20 de setembro – sábado (15 dias antes) -
data a partir da qual nenhum candidato poderá ser detido ou
preso, salvo em flagrante delito.
25 de setembro – quinta-feira (10 dias antes) - último
dia para o eleitor requerer a segunda via do título eleitoral.
30 de setembro – terça-feira (5 dias antes) -
data a partir da qual e até 48 horas depois do encerramento
da eleição, nenhum eleitor poderá ser preso
ou detido, salvo em flagrante delito, ou em virtude de sentença
criminal condenatória por crime inafiançável,
ou, ainda, por desrespeito a salvo-conduto.
2 de outubro – quinta-feira (3 dias antes) - último
dia para a divulgação da propaganda eleitoral gratuita
no rádio e na televisão, em comícios ou reuniões
públicas e a realização de debates.
3 de outubro – sexta-feira (2 dias antes) - último dia
para a divulgação paga, na imprensa escrita, de propaganda eleitoral,
no espaço máximo, por edição, para cada candidato,
partido político ou coligação, de um oitavo de página
de jornal padrão e um quarto de página de revista ou tablóide. Último
dia para propaganda eleitoral em páginas institucionais na Internet.
4 de outubro – sábado (1 dia antes) - último dia
para a propaganda eleitoral mediante alto-falantes ou amplificadores de som,
entre as 8 horas e as 22 horas, bem como para a promoção de comício
ou utilização de aparelhagem de sonorização fixa,
entre as 8 horas e as 24 horas. Último dia para a promoção
de carreata e distribuição de material de propaganda política.
5 de outubro de 2008 – domingo - realização das
eleições. Das 8h às 17h.
7 de outubro – terça-feira - início
da propaganda eleitoral do segundo turno.
Data a partir da qual será permitida a propaganda eleitoral mediante
alto-falantes ou amplificadores de som, entre as 8 horas e as 22 horas, bem
como a promoção de comício ou utilização
de aparelhagem de sonorização fixa, entre 8 horas e às
24 horas.
Data a partir da qual será permitida a promoção de carreata
e distribuição de material de propaganda política.

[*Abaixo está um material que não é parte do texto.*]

lemma sum_less_if_card_less_small:
  fixes w :: "'a \<Rightarrow> real"
  assumes "finite W" "card W \<le> 2" "X \<subseteq> W" "Y \<subseteq> W" "card Y < card X"
    and pos: "\<forall>i\<in>X. 0 < w i"
  shows "sum w Y < sum w X"
proof (cases "Y = {}")
  case True
  then have "X \<noteq> {}" using assms(5) by auto
  then show ?thesis using True pos sum_pos[of X w] finite_subset[OF \<open>X \<subseteq> W\<close>] assms(1) by simp
next
  case False
  have finY: "finite Y" using assms(1,4) finite_subset by blast
  have finX: "finite X" using assms(1,3) finite_subset by blast
  have "card Y \<ge> 1" using finY False by (simp add: Suc_le_eq card_gt_0_iff)
  then have "card X = card W" using assms(2,5) card_mono[OF assms(1,3)] by linarith
  then have "X = W" using card_subset_eq[OF assms(1,3)] by simp
  have "Y \<subset> X" using \<open>X = W\<close> assms(4,5) by auto
  then obtain b where "b \<in> X - Y" by blast
  show ?thesis
    by (rule sum_strict_mono2[OF finX]) (use \<open>Y \<subset> X\<close> \<open>b \<in> X - Y\<close> pos in auto)
qed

13 de outubro – segunda-feira - início
da propaganda eleitoral gratuita, no rádio e na televisão,
relativo ao segundo turno.
23 de outubro – quinta-feira (3 dias antes) - último
dia para a propaganda política mediante comícios ou
reuniões públicas.
24 de outubro – sexta-feira (2 dias antes) - último dia
para a divulgação da propaganda eleitoral gratuita no rádio
e na televisão; último dia para a divulgação paga,
na imprensa escrita, de propaganda eleitoral, no espaço máximo,
por edição, para cada candidato, partido político ou coligação,
de um oitavo de página de jornal padrão e um quarto de página
de revista ou tablóide. Último dia para a realização
de debates. Último dia para propaganda eleitoral em páginas institucionais
na Internet.
25 de outubro – sábado (1º dia antes) - último
dia para a propaganda eleitoral mediante alto-falantes ou amplificadores de
som, entre as 8 horas e às 22 horas, bem como para a promoção
de comício ou utilização de aparelhagem de sonorização
fixa, entre as 8 horas e às 24 horas. Último dia para a promoção
de carreata e distribuição de material de propaganda política.

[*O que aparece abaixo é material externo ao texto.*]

lemma exp_quadratic_sum_dominant_tendsto:
  fixes a b c :: "'i \<Rightarrow> real"
  assumes "finite F" "inj_on (\<lambda>i. (a i, b i)) F" "i0 \<in> F"
    and dom: "\<And>j. j \<in> F \<Longrightarrow> a j < a i0 \<or> (a j = a i0 \<and> b j \<le> b i0)"
  shows "((\<lambda>t. \<Sum>j\<in>F. c j * exp ((a j - a i0) * t^2 + (b j - b i0) * t)) \<longlongrightarrow> c i0) at_top"
proof -
  have "((\<lambda>t. \<Sum>j\<in>F. c j * exp ((a j - a i0) * t^2 + (b j - b i0) * t))
          \<longlongrightarrow> (\<Sum>j\<in>F. c j * (if j = i0 then 1 else 0))) at_top"
  proof (intro tendsto_intros)
    fix j assume "j \<in> F"
    show "((\<lambda>t. exp ((a j - a i0) * t^2 + (b j - b i0) * t)) \<longlongrightarrow> (if j = i0 then 1 else 0)) at_top"
    proof (cases "j = i0")
      case False
      then have "(a j, b j) \<noteq> (a i0, b i0)"
        using assms(2,3) \<open>j \<in> F\<close> by (auto dest: inj_onD)
      then have "a j - a i0 < 0 \<or> (a j - a i0 = 0 \<and> b j - b i0 < 0)"
        using dom[OF \<open>j \<in> F\<close>] by auto
      with False show ?thesis by (simp add: exp_quadratic_tendsto_0)
    qed simp
  qed
  with assms(1,3) show ?thesis
    by (simp add: if_distrib sum.delta cong: if_cong)
qed

lemma exp_quadratic_linearly_independent:
  fixes a b c :: "'i \<Rightarrow> real"
  assumes "finite F" "inj_on (\<lambda>i. (a i, b i)) F"
    and "\<And>t. (\<Sum>i\<in>F. c i * exp (a i * t^2 + b i * t)) = 0"
  shows "\<forall>i\<in>F. c i = 0"
  using assms
proof (induction F rule: finite_psubset_induct)
  case (psubset F)
  show ?case
  proof (cases "F = {}")
    case False
    then obtain i0 where i0: "i0 \<in> F"
      "\<And>j. j \<in> F \<Longrightarrow> a j < a i0 \<or> (a j = a i0 \<and> b j \<le> b i0)"
      using finite_lex_max[OF psubset.hyps] by metis
    \<comment> \<open>Dividing by the dominant exponential leaves a function that is identically zero
        and tends to the dominant coefficient.\<close>
    have "(\<Sum>j\<in>F. c j * exp ((a j - a i0) * t^2 + (b j - b i0) * t)) = 0" for t
    proof -
      have "(\<Sum>j\<in>F. c j * exp ((a j - a i0) * t^2 + (b j - b i0) * t))
            = exp (- (a i0 * t^2 + b i0 * t)) * (\<Sum>i\<in>F. c i * exp (a i * t^2 + b i * t))"
        unfolding sum_distrib_left by (rule sum.cong) (auto simp: exp_add[symmetric] algebra_simps)
      with psubset.prems(2) show ?thesis by simp
    qed
    with exp_quadratic_sum_dominant_tendsto[OF psubset.hyps psubset.prems(1) i0, of c]
    have "c i0 = 0"
      by (simp add: tendsto_const_iff)
    moreover have "\<forall>i\<in>F - {i0}. c i = 0"
    proof (rule psubset.IH)
      show "F - {i0} \<subset> F" using i0(1) by auto
      show "inj_on (\<lambda>i. (a i, b i)) (F - {i0})"
        using psubset.prems(1) by (auto intro: inj_on_subset)
      show "(\<Sum>i\<in>F - {i0}. c i * exp (a i * t^2 + b i * t)) = 0" for t
        using psubset.prems(2)[of t] \<open>c i0 = 0\<close> i0(1) psubset.hyps by (simp add: sum.remove)
    qed
    ultimately show ?thesis by auto
  qed simp
qed

lemma exp_quadratic_sum_eq_0_if_islimpt:
  fixes a b c :: "'i \<Rightarrow> real"
  assumes "\<xi> islimpt T" "\<And>s. s \<in> T \<Longrightarrow> (\<Sum>i\<in>F. c i * exp (a i * s^2 + b i * s)) = 0"
  shows "(\<Sum>i\<in>F. c i * exp (a i * t^2 + b i * t)) = 0"
proof -
  define G :: "complex \<Rightarrow> complex"
    where "G w = (\<Sum>i\<in>F. of_real (c i) * exp (of_real (a i) * w^2 + of_real (b i) * w))" for w
  have G_of_real: "G (of_real s) = of_real (\<Sum>i\<in>F. c i * exp (a i * s^2 + b i * s))" for s
    unfolding G_def by (simp add: exp_of_real[symmetric])
  have limpt: "of_real \<xi> islimpt (of_real ` T :: complex set)"
    using assms(1) by (rule islimpt_isCont_image) (auto simp: eventually_at_filter)
  have "G holomorphic_on UNIV"
    unfolding G_def by (intro holomorphic_intros)
  then have "G (of_real t) = 0"
    by (rule analytic_continuation[OF _ open_UNIV connected_UNIV subset_UNIV UNIV_I limpt])
       (auto simp: G_of_real assms(2))
  then show ?thesis
    by (simp only: G_of_real of_real_eq_0_iff)
qed

lemma lin_indep_finite_mixturesI:
  assumes "\<And>F c b. finite F \<Longrightarrow> F \<subseteq> B \<Longrightarrow> (\<And>x. x \<in> D \<Longrightarrow> (\<Sum>b\<in>F. c b * v b x) = 0) \<Longrightarrow>
             b \<in> F \<Longrightarrow> c b = 0"
  shows "lin_indep_finite_mixtures B v D"
  using assms unfolding lin_indep_finite_mixtures_def by blast

lemma lin_indep_finite_mixturesD:
  assumes "lin_indep_finite_mixtures B v D" "finite F" "F \<subseteq> B"
    and "\<And>x. x \<in> D \<Longrightarrow> (\<Sum>b\<in>F. c b * v b x) = 0" "b \<in> F"
  shows "c b = 0"
  using assms unfolding lin_indep_finite_mixtures_def by blast

lemma pos_def_mat_invertible:
  fixes S :: "real^'n^'n"
  assumes "pos_def_mat S"
  shows "invertible S"
proof -
  have "x = 0" if "S *v x = 0" for x
    using assms that unfolding pos_def_mat_def by (metis inner_zero_right less_irrefl)
  then show ?thesis
    by (simp add: invertible_left_inverse matrix_left_invertible_ker)
qed

lemma
  fixes A :: "real^'n^'n"
  assumes "invertible A"
  shows matrix_inv_right: "A ** matrix_inv A = mat 1"
    and matrix_inv_left: "matrix_inv A ** A = mat 1"
proof -
  have "\<exists>A'. A ** A' = mat 1 \<and> A' ** A = mat 1"
    using assms by (simp add: invertible_def)
  then have "A ** matrix_inv A = mat 1 \<and> matrix_inv A ** A = mat 1"
    unfolding matrix_inv_def by (rule someI_ex)
  then show "A ** matrix_inv A = mat 1" "matrix_inv A ** A = mat 1"
    by auto
qed

lemma matrix_inv_injective:
  fixes A B :: "real^'n^'n"
  assumes "invertible A" "invertible B" "matrix_inv A = matrix_inv B"
  shows "A = B"
proof -
  have "A = A ** (matrix_inv B ** B)"
    using matrix_inv_left[OF assms(2)] by simp
  also have "\<dots> = (A ** matrix_inv A) ** B"
    using assms(3) by (simp add: matrix_mul_assoc)
  also have "\<dots> = B"
    using matrix_inv_right[OF assms(1)] by simp
  finally show ?thesis .
qed

lemma matrix_inv_mult_vector_eq_0_iff:
  fixes A :: "real^'n^'n"
  assumes "invertible A"
  shows "matrix_inv A *v w = 0 \<longleftrightarrow> w = 0"
proof
  assume "matrix_inv A *v w = 0"
  then have "(A ** matrix_inv A) *v w = 0"
    by (simp flip: matrix_vector_mul_assoc)
  then show "w = 0"
    using matrix_inv_right[OF assms] by simp
qed simp

lemma pos_def_mat_inv_symmetric:
  fixes S :: "real^'n^'n"
  assumes "pos_def_mat S"
  shows "transpose (matrix_inv S) = matrix_inv S"
proof -
  let ?P = "matrix_inv S"
  have S: "invertible S" "transpose S = S"
    using assms pos_def_mat_invertible unfolding pos_def_mat_def by auto
  have "transpose ?P = transpose ?P ** (S ** ?P)"
    by (simp add: matrix_inv_right[OF S(1)])
  also have "\<dots> = transpose (S ** ?P) ** ?P"
    by (simp add: matrix_mul_assoc matrix_transpose_mul S(2))
  also have "\<dots> = ?P"
    by (simp add: matrix_inv_right[OF S(1)] transpose_mat)
  finally show ?thesis .
qed

lemma inner_symmetric_matrix_commute:
  fixes P :: "real^'n^'n"
  assumes "transpose P = P"
  shows "u \<bullet> (P *v w) = w \<bullet> (P *v u)"
proof -
  have "u \<bullet> (P *v w) = (transpose P *v u) \<bullet> w"
    by (simp add: dot_lmul_matrix)
  then show ?thesis
    by (simp add: assms inner_commute)
qed

lemma gauss_density_along_line:
  fixes S :: "real^'n^'n"
  assumes "transpose (matrix_inv S) = matrix_inv S"
  shows "gauss_density (x + t *\<^sub>R v) m S
         = gauss_density x m S * exp (- (1/2) * (v \<bullet> (matrix_inv S *v v)) * t^2
                                     + (v \<bullet> (matrix_inv S *v (m - x))) * t)"
proof -
  let ?P = "matrix_inv S" and ?w = "x - m"
  have "(?w + t *\<^sub>R v) \<bullet> (?P *v (?w + t *\<^sub>R v))
        = ?w \<bullet> (?P *v ?w) + t * (?w \<bullet> (?P *v v)) + t * (v \<bullet> (?P *v ?w)) + t^2 * (v \<bullet> (?P *v v))"
    by (simp add: matrix_vector_right_distrib matrix_vector_mult_scaleR inner_add_left inner_add_right
        power2_eq_square algebra_simps)
  also have "\<dots> = ?w \<bullet> (?P *v ?w) + 2 * t * (v \<bullet> (?P *v ?w)) + t^2 * (v \<bullet> (?P *v v))"
    using inner_symmetric_matrix_commute[OF assms, of ?w v] by simp
  finally have "- (1/2) * ((x + t *\<^sub>R v - m) \<bullet> (?P *v (x + t *\<^sub>R v - m)))
      = - (1/2) * (?w \<bullet> (?P *v ?w)) + (- (1/2) * (v \<bullet> (?P *v v)) * t^2 + (v \<bullet> (?P *v (m - x))) * t)"
    by (simp add: algebra_simps matrix_vector_mult_diff_distrib inner_diff_right)
  then show ?thesis
    unfolding gauss_density_def by (simp only: exp_add) simp
qed

lemma emeasure_lborel_line_section_pos:
  fixes B N :: "'a::euclidean_space set"
  assumes B: "B \<in> sets borel" "emeasure lborel B > 0" and N: "N \<in> null_sets lebesgue"
  obtains x where "x \<notin> N" "emeasure lborel {t::real \<in> {0..1}. x + t *\<^sub>R v \<in> B} > 0"
proof -
  from N obtain N' where N': "N' \<in> null_sets lborel" "N \<subseteq> N'"
    unfolding null_sets_completion_iff2 by blast
  define f where "f x t = (indicator B (x + t *\<^sub>R v) * indicator {0..1::real} t :: ennreal)" for x t
  have [measurable]: "B \<in> sets borel" by (rule B(1))
  have slice_measure:
    "(\<integral>\<^sup>+ t. f x t \<partial>lborel) = emeasure lborel {t::real \<in> {0..1}. x + t *\<^sub>R v \<in> B}" for x
  proof -
    have "(\<integral>\<^sup>+ t. f x t \<partial>lborel)
          = (\<integral>\<^sup>+ t. indicator {t::real \<in> {0..1}. x + t *\<^sub>R v \<in> B} t \<partial>lborel)"
      unfolding f_def by (rule nn_integral_cong) (auto simp: indicator_def)
    also have "\<dots> = emeasure lborel {t::real \<in> {0..1}. x + t *\<^sub>R v \<in> B}"
      by (rule nn_integral_indicator) measurable
    finally show ?thesis .
  qed
  have translate: "(\<integral>\<^sup>+ x. f x t \<partial>lborel) = emeasure lborel B * indicator {0..1::real} t" for t
  proof -
    have "(\<integral>\<^sup>+ x. f x t \<partial>lborel)
          = (\<integral>\<^sup>+ x. indicator B (t *\<^sub>R v + x) \<partial>lborel) * indicator {0..1::real} t"
      unfolding f_def by (subst nn_integral_multc) (auto simp: add.commute)
    also have "(\<integral>\<^sup>+ x. indicator B (t *\<^sub>R v + x) \<partial>lborel)
               = (\<integral>\<^sup>+ y. indicator B y \<partial>distr lborel borel ((+) (t *\<^sub>R v)))"
      by (subst nn_integral_distr) auto
    also have "\<dots> = emeasure lborel B"
      by (simp add: lborel_distr_plus)
    finally show ?thesis .
  qed
  \<comment> \<open>By Fubini and translation invariance the section measures integrate to the measure of B,
      so they cannot vanish almost everywhere.\<close>
  have "(\<integral>\<^sup>+ x. (\<integral>\<^sup>+ t. f x t \<partial>lborel) \<partial>lborel)
        = (\<integral>\<^sup>+ t. (\<integral>\<^sup>+ x. f x t \<partial>lborel) \<partial>lborel)"
    by (rule lborel_pair.Fubini'[symmetric]) (simp add: f_def)
  also have "\<dots> = emeasure lborel B"
    by (simp add: translate nn_integral_cmult_indicator)
  finally have "(\<integral>\<^sup>+ x. (\<integral>\<^sup>+ t. f x t \<partial>lborel) \<partial>lborel) \<noteq> 0"
    using B(2) by simp
  then have "\<not> (AE x in lborel. (\<integral>\<^sup>+ t. f x t \<partial>lborel) = 0)"
    using nn_integral_cong_AE by fastforce
  then have "\<not> {x \<in> space lborel. (\<integral>\<^sup>+ t. f x t \<partial>lborel) \<noteq> 0} \<subseteq> N'"
    using AE_I'[OF N'(1)] by (rule contrapos_nn)
  then obtain x where "x \<notin> N'" "(\<integral>\<^sup>+ t. f x t \<partial>lborel) \<noteq> 0"
    by auto
  with N'(2) show thesis
    by (intro that[of x]) (auto simp: slice_measure zero_less_iff_neq_zero)
qed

26 de outubro – domingo - dia da eleição
em 2º turno.
13 de novembro – quinta-feira - último
dia para o juiz eleitoral divulgar o resultado da eleição
proporcional para vereador e proclamar os candidatos eleitos. Último
dia para o juiz eleitoral divulgar o resultado da eleição
majoritária de 26 de outubro e proclamar os candidatos eleitos.

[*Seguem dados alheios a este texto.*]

(* Let $(\Sigma^{(n)})_{n\ge1}$ be a sequence of positive semidefinite matrices (of dimensions $d_n\times d_n$). Suppose that for each $n$ there is a covariance splitting $\Sigma^{(n)}=\Sigma_1\oplus\Sigma_2$ such that, as $n\to\infty$, $$\operatorname{rank}(\Sigma_1)=o(n),\qquad \operatorname{Tr}\Sigma_2=o(n),\qquad \frac{(\operatorname{Tr}\Sigma_2)^2}{\operatorname{Tr}(\Sigma_2^2)}=\omega(n).$$ Then for each $n$ there is a (possibly different) covariance splitting $\Sigma^{(n)}=\Sigma_1'\oplus\Sigma_2'$ such that $$\operatorname{rank}(\Sigma_1')=o(n),\quad \operatorname{Tr}\Sigma_2'=o(n),\quad \frac{\operatorname{Tr}\Sigma_2'}{\|\Sigma_2'\|_{op}}=\omega(n),\quad \frac{(\operatorname{Tr}\Sigma_2')^2}{\operatorname{Tr}((\Sigma_2')^2)}=\omega(n).$$
   Context: Covariance splitting: $\Sigma=\Sigma_1\oplus\Sigma_2$ means $\Sigma=\Sigma_1+\Sigma_2$ with $\Sigma_1,\Sigma_2$ positive semidefinite and with orthogonal column spaces. $\|\cdot\|_{op}$ is the operator norm. *)

theory Defs
  imports "Jordan_Normal_Form.DL_Rank" "HOL-Library.Landau_Symbols"
begin

definition mat_trace :: "real mat \<Rightarrow> real" where
  "mat_trace A = (\<Sum>i<dim_row A. A $$ (i, i))"

definition psd :: "real mat \<Rightarrow> bool" where
  "psd A \<longleftrightarrow> A \<in> carrier_mat (dim_row A) (dim_row A) \<and> A\<^sup>T = A \<and>
     (\<forall>x \<in> carrier_vec (dim_row A). x \<bullet> (A *\<^sub>v x) \<ge> 0)"

definition col_space :: "real mat \<Rightarrow> real vec set" where
  "col_space A = {A *\<^sub>v x | x. x \<in> carrier_vec (dim_col A)}"

definition cov_splitting :: "nat \<Rightarrow> real mat \<Rightarrow> real mat \<Rightarrow> real mat \<Rightarrow> bool" where
  "cov_splitting d S S1 S2 \<longleftrightarrow>
     S1 \<in> carrier_mat d d \<and> S2 \<in> carrier_mat d d \<and> psd S1 \<and> psd S2 \<and>
     S = S1 + S2 \<and> (\<forall>u \<in> col_space S1. \<forall>v \<in> col_space S2. u \<bullet> v = 0)"

definition op_norm :: "real mat \<Rightarrow> real" where
  "op_norm A = Sup {sqrt ((A *\<^sub>v x) \<bullet> (A *\<^sub>v x)) | x.
      x \<in> carrier_vec (dim_col A) \<and> x \<bullet> x \<le> 1}"

end

theory Submission
  imports Defs "Jordan_Normal_Form.Char_Poly"
begin

text \<open>Diagonalise the second part of the splitting, S2 = Q diag(l) Q^T, and move every
eigendirection with l_i > tau into the low-rank part. By Chebyshev's inequality this raises the
rank by at most tr(S2^2)/tau^2 and lowers the trace by at most tr(S2^2)/tau, while the new second
part has operator norm at most tau. Writing r = (tr S2)^2/tr(S2^2) = omega(n) and
g = (r/n)^(1/4), which tends to infinity, the threshold tau = tr S2/(n g) adds rank n/g^2 = o(n)
and keeps at least half of the trace, so the new ratio of trace to operator norm is at least
n g/2 = omega(n) and the new effective rank is at least r/4.\<close>

section \<open>Orthogonal diagonalisation of real symmetric matrices\<close>

locale real_orthogonal =
  fixes n :: nat and Q :: "real mat"
  assumes carrier: "Q \<in> carrier_mat n n"
    and transpose_mult_self: "Q\<^sup>T * Q = 1\<^sub>m n"
begin

lemma carrier_transpose: "Q\<^sup>T \<in> carrier_mat n n"
  using carrier by simp

lemma mult_transpose_self: "Q * Q\<^sup>T = 1\<^sub>m n"
  using mat_mult_left_right_inverse[OF carrier_transpose carrier transpose_mult_self] .

lemma transpose_mult_vec_cancel: "x \<in> carrier_vec n \<Longrightarrow> Q\<^sup>T *\<^sub>v (Q *\<^sub>v x) = x"
  using assoc_mult_mat_vec[OF carrier_transpose carrier] by (simp add: transpose_mult_self)

lemma mult_vec_transpose_cancel: "x \<in> carrier_vec n \<Longrightarrow> Q *\<^sub>v (Q\<^sup>T *\<^sub>v x) = x"
  using assoc_mult_mat_vec[OF carrier carrier_transpose] by (simp add: mult_transpose_self)

lemma scalar_prod_mult_vec:
  assumes "x \<in> carrier_vec n" "y \<in> carrier_vec n"
  shows "(Q *\<^sub>v x) \<bullet> (Q *\<^sub>v y) = x \<bullet> y"
  using transpose_vec_mult_scalar[OF carrier assms(2) mult_mat_vec_carrier[OF carrier assms(1)]] assms
  by (simp add: transpose_mult_vec_cancel)

lemma scalar_prod_transpose_mult_vec:
  assumes "x \<in> carrier_vec n" "y \<in> carrier_vec n"
  shows "(Q\<^sup>T *\<^sub>v x) \<bullet> (Q\<^sup>T *\<^sub>v y) = x \<bullet> y"
  using transpose_vec_mult_scalar[OF carrier_transpose assms(2) mult_mat_vec_carrier[OF carrier_transpose assms(1)]] assms
  by (simp add: mult_vec_transpose_cancel)

end

lemma real_orthogonal_mult:
  assumes "real_orthogonal n A" "real_orthogonal n B"
  shows "real_orthogonal n (A * B)"
proof
  note A = real_orthogonal.carrier[OF assms(1)] and B = real_orthogonal.carrier[OF assms(2)]
  show "A * B \<in> carrier_mat n n" using A B by simp
  have "(A * B)\<^sup>T * (A * B) = B\<^sup>T * ((A\<^sup>T * A) * B)"
    using A B by (simp add: transpose_mult[OF A B] assoc_mult_mat[of _ n n _ n _ n])
  also have "\<dots> = 1\<^sub>m n"
    using B real_orthogonal.transpose_mult_self[OF assms(1)] real_orthogonal.transpose_mult_self[OF assms(2)]
    by simp
  finally show "(A * B)\<^sup>T * (A * B) = 1\<^sub>m n" .
qed

lemma real_vec_self_scalar_prod_pos:
  fixes v :: "real vec"
  assumes "v \<in> carrier_vec n" "v \<noteq> 0\<^sub>v n"
  shows "0 < v \<bullet> v"
  using conjugate_square_greater_0_vec[OF assms(1)] assms(2)
  by (metis scalar_prod_def vec_conjugate_real)

definition reflection_mat :: "nat \<Rightarrow> real vec \<Rightarrow> real mat" where
  "reflection_mat n w = mat n n (\<lambda>(i,j). of_bool (i = j) - 2 / (w \<bullet> w) * w $ i * w $ j)"

lemma reflection_mat_orthogonal:
  assumes w: "w \<in> carrier_vec n" "w \<noteq> 0\<^sub>v n"
  shows "real_orthogonal n (reflection_mat n w)"
proof
  define c where "c = 2 / (w \<bullet> w)"
  have cww: "c * (w \<bullet> w) = 2" unfolding c_def using real_vec_self_scalar_prod_pos[OF w] by simp
  let ?H = "reflection_mat n w"
  show H: "?H \<in> carrier_mat n n" unfolding reflection_mat_def by simp
  have "?H\<^sup>T = ?H" unfolding reflection_mat_def by (rule eq_matI) auto
  moreover have "?H * ?H = 1\<^sub>m n"
  proof (rule eq_matI)
    fix i j assume "i < dim_row (1\<^sub>m n)" "j < dim_col (1\<^sub>m n)"
    then have ij: "i < n" "j < n" by auto
    have delta: "of_bool P * x = (if P then x else 0)" for P and x :: real by simp
    have "(?H * ?H) $$ (i, j) = (\<Sum>k<n. (of_bool (i = k) - c * w$i * w$k) * (of_bool (k = j) - c * w$k * w$j))"
      using ij unfolding reflection_mat_def c_def by (simp add: scalar_prod_def lessThan_atLeast0)
    also have "\<dots> = (\<Sum>k<n. of_bool (i = k) * of_bool (k = j)) - (\<Sum>k<n. of_bool (i = k) * (c * w$k * w$j))
       - (\<Sum>k<n. of_bool (k = j) * (c * w$i * w$k)) + c * c * w$i * w$j * (\<Sum>k<n. w$k * w$k)"
      by (simp add: algebra_simps sum.distrib sum_subtractf sum_distrib_left)
    also have "\<dots> = of_bool (i = j) - 2 * c * w$i * w$j + c * c * w$i * w$j * (w \<bullet> w)"
      using ij w by (simp only: delta) (simp add: scalar_prod_def lessThan_atLeast0)
    also have "\<dots> = of_bool (i = j)" using cww by (simp add: algebra_simps)
    finally show "(?H * ?H) $$ (i, j) = 1\<^sub>m n $$ (i, j)" using ij by simp
  qed (auto simp: reflection_mat_def)
  ultimately show "?H\<^sup>T * ?H = 1\<^sub>m n" by simp
qed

25 de novembro – terça-feira - (30
dias após o 2º turno) - último dia para a retirada
da propaganda relativa às eleições nos municípios
em que não houve votação em segundo turno.
4 de dezembro – quinta-feira - último
dia para o eleitor que deixou de votar no dia 5 de outubro (1º turno)
apresentar justificativa ao juiz eleitoral.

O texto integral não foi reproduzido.